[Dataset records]
(* Let $\mathcal{A}=(Q,\Sigma,\delta)$ be a DFA with $Q=\{1,\dots,n\}$. Fix positive integers $d_1,d_2$ and non-empty sets of words $W_1\subseteq\Sigma^{\le d_1}$, $W_2\subseteq\Sigma^{\le d_2}$. Let $R=\{q.w\mid q\in Q,\ w\in W_1\}$ and let $\mathcal{B}=\mathcal{A}_c(W_1,W_2)=(R,W_2W_1,\delta_{\mathcal{B}})$ be the DFA with state set $R$, whose alphabet is the finite set $W_2W_1=\{w_2w_1\mid w_2\in W_2,w_1\in W_1\}$ (each such word treated as a single letter), and $\delta_{\mathcal{B}}(q,w)=q.w$. Let $P_1,P_2$ be positive probability distributions on $W_1,W_2$, put $[P_i]=\sum_{w\in W_i}P_i(w)[w]$, and let $\alpha\in V_R$ be a stochastic vector (non-negative entries summing to $1$, supported on $R$) with $\alpha[P_2][P_1]=\alpha$. Suppose that $W_2W_1$ is complete for $V_R$ with respect to $\alpha$, and that $w_0\in\Sigma^*$ satisfies $Q.w_0=R$. Then: (1) for every $x\in V_R\setminus\langle [R]\rangle$ there exists $w\in W_2W_1$ with $(x,\alpha[w])>(x,\alpha)$; (2) $\mathcal{B}$ is synchronizing and $\mathrm{rt}(\mathcal{B})\le \mathrm{DS}(\alpha)-1$; (3) $\mathcal{A}$ is synchronizing, and $\mathrm{rt}(\mathcal{A})\le |w_0|+\mathrm{rt}(\mathcal{B})(d_1+d_2)\le |w_0|+(\mathrm{DS}(\alpha)-1)(d_1+d_2)$ if $R\ne Q$, while $\mathrm{rt}(\mathcal{A})\le 1+(\mathrm{DS}(\alpha)-2)(d_1+d_2)$ if $R=Q$.
   Context: A DFA $\mathcal{A}=(Q,\Sigma,\delta)$ has a finite non-empty state set $Q$, finite non-empty alphabet $\Sigma$ and total transition function $\delta:Q\times\Sigma\to Q$, extended to words; $q.w=\delta(q,w)$ and $S.w=\{q.w\mid q\in S\}$. $\Sigma^{\le c}$ is the set of words of length at most $c$. A reset word is a word $w$ with $|Q.w|=1$; $\mathcal{A}$ is synchronizing if it has one, and $\mathrm{rt}(\mathcal{A})$ (reset threshold) is the length of a shortest reset word. With $Q=\{1,\dots,n\}$, vectors in $\mathbb{R}^n$ are row vectors; $[K]\in\mathbb{R}^n$ is the characteristic vector of $K\subseteq Q$ and $[q]=[\{q\}]$. For a word $w$, $[w]$ is the $n\times n$ 0-1 matrix with $[w]_{p,q}=1$ iff $p.w=q$, so $[uv]=[u][v]$. $(\cdot,\cdot)$ is the standard inner product, $\langle\cdot\rangle$ linear span. For $S\subseteq Q$, $V_S=\langle [p]\mid p\in S\rangle$. A set of words $W$ is complete for a subspace $V\le\mathbb{R}^n$ with respect to $g\in V$ if $\langle g[w]\mid w\in W\rangle=V$. For a non-negative vector $g\in\mathbb{R}^n$, $\mathrm{DS}(g)=|\{(g,z)\mid z\in\{0,1\}^n\}|-1$ (the number of distinct positive subset sums of entries of $g$). *)

theory Defs
  imports "HOL-Analysis.Analysis"
begin

definition run :: "('q \<Rightarrow> 'a \<Rightarrow> 'q) \<Rightarrow> 'q \<Rightarrow> 'a list \<Rightarrow> 'q" where
  "run \<delta> q w = foldl \<delta> q w"

definition is_reset_word :: "'q set \<Rightarrow> 'a set \<Rightarrow> ('q \<Rightarrow> 'a \<Rightarrow> 'q) \<Rightarrow> 'a list \<Rightarrow> bool" where
  "is_reset_word Q \<Sigma> \<delta> w \<longleftrightarrow> set w \<subseteq> \<Sigma> \<and> card ((\<lambda>q. run \<delta> q w) ` Q) = 1"

definition synchronizing :: "'q set \<Rightarrow> 'a set \<Rightarrow> ('q \<Rightarrow> 'a \<Rightarrow> 'q) \<Rightarrow> bool" where
  "synchronizing Q \<Sigma> \<delta> \<longleftrightarrow> (\<exists>w. is_reset_word Q \<Sigma> \<delta> w)"

definition reset_threshold :: "'q set \<Rightarrow> 'a set \<Rightarrow> ('q \<Rightarrow> 'a \<Rightarrow> 'q) \<Rightarrow> nat" where
  "reset_threshold Q \<Sigma> \<delta> = (LEAST k. \<exists>w. is_reset_word Q \<Sigma> \<delta> w \<and> length w = k)"

definition words_upto :: "'a set \<Rightarrow> nat \<Rightarrow> 'a list set" where
  "words_upto \<Sigma> c = {w. set w \<subseteq> \<Sigma> \<and> length w \<le> c}"

definition word_concat :: "'a list set \<Rightarrow> 'a list set \<Rightarrow> 'a list set" where
  "word_concat W2 W1 = {w2 @ w1 | w2 w1. w2 \<in> W2 \<and> w1 \<in> W1}"

text \<open>Linear algebra over R^Q, with the state set Q being the finite type 'n.\<close>

definition charvec :: "'n::finite set \<Rightarrow> real^'n" where
  "charvec K = (\<chi> i. if i \<in> K then 1 else 0)"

▸ Problem details
Would you please return all lines of the data that include the word "charvec"?

▸ The answer
definition charvec :: "'n::finite set \<Rightarrow> real^'n" where
  "charvec K = (\<chi> i. if i \<in> K then 1 else 0)"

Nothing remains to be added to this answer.